**WHAT IS EXPECTED:** If a line includes "proof", copy it out of the entries.

+++ EXERCISE MATERIALS

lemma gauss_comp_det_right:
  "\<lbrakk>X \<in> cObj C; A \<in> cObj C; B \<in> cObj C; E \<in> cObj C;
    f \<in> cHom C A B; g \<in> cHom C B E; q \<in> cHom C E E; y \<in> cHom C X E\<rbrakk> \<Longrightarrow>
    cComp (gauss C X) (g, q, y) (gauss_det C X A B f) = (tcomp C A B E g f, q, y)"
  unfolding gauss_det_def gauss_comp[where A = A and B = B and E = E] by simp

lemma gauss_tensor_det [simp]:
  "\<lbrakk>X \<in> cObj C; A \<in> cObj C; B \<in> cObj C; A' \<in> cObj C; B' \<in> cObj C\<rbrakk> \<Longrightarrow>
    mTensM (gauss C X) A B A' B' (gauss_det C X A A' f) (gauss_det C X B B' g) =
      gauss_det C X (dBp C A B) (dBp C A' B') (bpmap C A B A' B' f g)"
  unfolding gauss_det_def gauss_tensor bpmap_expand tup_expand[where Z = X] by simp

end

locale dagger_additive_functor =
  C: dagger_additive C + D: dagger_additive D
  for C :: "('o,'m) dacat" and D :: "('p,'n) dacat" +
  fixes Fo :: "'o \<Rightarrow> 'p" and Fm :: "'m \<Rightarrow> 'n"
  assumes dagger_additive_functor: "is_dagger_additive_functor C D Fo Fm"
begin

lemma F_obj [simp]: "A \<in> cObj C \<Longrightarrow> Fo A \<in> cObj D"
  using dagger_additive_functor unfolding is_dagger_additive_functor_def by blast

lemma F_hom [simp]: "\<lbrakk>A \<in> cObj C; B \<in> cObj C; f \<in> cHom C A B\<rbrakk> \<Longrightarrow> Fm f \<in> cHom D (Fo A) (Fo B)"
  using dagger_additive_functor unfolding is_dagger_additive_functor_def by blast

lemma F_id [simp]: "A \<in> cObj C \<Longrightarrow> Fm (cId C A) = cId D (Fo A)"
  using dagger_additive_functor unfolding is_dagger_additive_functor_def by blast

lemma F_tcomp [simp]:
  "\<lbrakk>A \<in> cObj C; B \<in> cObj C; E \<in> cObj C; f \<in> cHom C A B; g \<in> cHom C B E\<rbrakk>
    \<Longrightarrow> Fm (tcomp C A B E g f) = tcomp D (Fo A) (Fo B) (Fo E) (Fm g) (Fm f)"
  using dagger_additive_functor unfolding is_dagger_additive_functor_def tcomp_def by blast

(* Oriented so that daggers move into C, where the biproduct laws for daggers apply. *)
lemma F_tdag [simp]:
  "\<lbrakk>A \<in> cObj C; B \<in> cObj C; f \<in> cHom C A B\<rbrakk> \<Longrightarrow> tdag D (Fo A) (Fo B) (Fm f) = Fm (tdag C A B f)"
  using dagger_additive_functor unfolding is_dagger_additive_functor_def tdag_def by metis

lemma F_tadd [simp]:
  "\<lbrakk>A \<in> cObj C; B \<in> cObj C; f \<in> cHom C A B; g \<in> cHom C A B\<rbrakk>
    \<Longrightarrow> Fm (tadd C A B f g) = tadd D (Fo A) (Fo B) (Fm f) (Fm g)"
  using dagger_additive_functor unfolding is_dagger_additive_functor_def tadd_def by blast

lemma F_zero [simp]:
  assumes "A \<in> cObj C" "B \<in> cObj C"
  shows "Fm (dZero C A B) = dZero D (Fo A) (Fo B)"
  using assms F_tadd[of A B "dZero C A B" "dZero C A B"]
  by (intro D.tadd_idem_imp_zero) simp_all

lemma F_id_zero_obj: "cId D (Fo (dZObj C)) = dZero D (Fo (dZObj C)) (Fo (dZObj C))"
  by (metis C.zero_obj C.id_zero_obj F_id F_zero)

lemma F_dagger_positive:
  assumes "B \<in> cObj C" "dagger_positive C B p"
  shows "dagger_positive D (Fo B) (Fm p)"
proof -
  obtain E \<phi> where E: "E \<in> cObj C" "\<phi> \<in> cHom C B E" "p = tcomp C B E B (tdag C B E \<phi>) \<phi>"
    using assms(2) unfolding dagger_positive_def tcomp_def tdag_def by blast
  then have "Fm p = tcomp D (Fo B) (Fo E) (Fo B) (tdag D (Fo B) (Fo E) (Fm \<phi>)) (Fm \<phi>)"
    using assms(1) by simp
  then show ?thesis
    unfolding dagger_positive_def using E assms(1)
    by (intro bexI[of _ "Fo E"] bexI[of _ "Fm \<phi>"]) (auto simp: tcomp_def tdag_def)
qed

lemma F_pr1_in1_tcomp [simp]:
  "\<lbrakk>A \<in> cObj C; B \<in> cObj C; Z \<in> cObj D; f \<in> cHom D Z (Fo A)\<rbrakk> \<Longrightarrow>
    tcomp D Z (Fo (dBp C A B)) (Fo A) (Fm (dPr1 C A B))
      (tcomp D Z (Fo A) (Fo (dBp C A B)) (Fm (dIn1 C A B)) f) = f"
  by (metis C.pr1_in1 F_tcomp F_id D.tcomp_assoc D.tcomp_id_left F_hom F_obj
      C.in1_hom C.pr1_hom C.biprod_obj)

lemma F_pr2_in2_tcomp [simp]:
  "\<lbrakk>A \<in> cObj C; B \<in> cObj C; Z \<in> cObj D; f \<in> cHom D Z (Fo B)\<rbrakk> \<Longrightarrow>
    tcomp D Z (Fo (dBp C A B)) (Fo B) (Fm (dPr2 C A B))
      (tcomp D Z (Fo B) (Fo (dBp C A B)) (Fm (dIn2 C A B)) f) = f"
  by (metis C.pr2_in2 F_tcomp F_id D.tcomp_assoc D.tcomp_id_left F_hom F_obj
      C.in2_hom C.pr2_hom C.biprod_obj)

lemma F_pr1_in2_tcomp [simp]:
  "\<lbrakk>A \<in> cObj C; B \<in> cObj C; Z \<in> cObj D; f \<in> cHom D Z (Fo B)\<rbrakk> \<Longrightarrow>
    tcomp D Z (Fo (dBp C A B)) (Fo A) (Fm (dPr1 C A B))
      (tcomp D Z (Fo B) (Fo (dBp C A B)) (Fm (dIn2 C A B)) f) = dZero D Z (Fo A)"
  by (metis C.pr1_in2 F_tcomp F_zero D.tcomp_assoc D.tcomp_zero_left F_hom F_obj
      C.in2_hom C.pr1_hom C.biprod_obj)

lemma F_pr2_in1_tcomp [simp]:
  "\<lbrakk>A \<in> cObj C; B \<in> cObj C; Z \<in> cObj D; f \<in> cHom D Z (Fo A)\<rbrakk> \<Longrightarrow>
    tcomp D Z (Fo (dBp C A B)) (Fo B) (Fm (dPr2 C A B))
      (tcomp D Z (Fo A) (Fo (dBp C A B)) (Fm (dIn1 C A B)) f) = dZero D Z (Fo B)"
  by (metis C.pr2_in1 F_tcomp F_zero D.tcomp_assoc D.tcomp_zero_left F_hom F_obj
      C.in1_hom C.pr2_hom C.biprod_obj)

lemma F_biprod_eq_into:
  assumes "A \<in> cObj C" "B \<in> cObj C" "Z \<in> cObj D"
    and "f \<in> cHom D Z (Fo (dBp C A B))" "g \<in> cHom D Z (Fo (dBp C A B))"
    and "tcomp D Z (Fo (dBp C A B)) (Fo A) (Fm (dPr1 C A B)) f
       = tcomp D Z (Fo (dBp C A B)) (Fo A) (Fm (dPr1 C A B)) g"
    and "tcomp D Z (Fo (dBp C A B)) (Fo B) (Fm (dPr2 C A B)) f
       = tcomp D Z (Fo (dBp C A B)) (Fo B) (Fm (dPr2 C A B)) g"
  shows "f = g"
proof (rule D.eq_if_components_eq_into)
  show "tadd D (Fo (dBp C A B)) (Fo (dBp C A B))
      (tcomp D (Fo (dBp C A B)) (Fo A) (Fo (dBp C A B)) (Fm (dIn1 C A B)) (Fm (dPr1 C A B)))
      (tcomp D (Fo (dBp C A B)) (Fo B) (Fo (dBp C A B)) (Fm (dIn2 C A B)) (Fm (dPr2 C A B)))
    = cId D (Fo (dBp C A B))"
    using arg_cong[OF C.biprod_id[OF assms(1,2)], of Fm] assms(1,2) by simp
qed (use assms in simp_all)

++++++

**SOLUTION:**
proof -
proof (rule D.eq_if_components_eq_into)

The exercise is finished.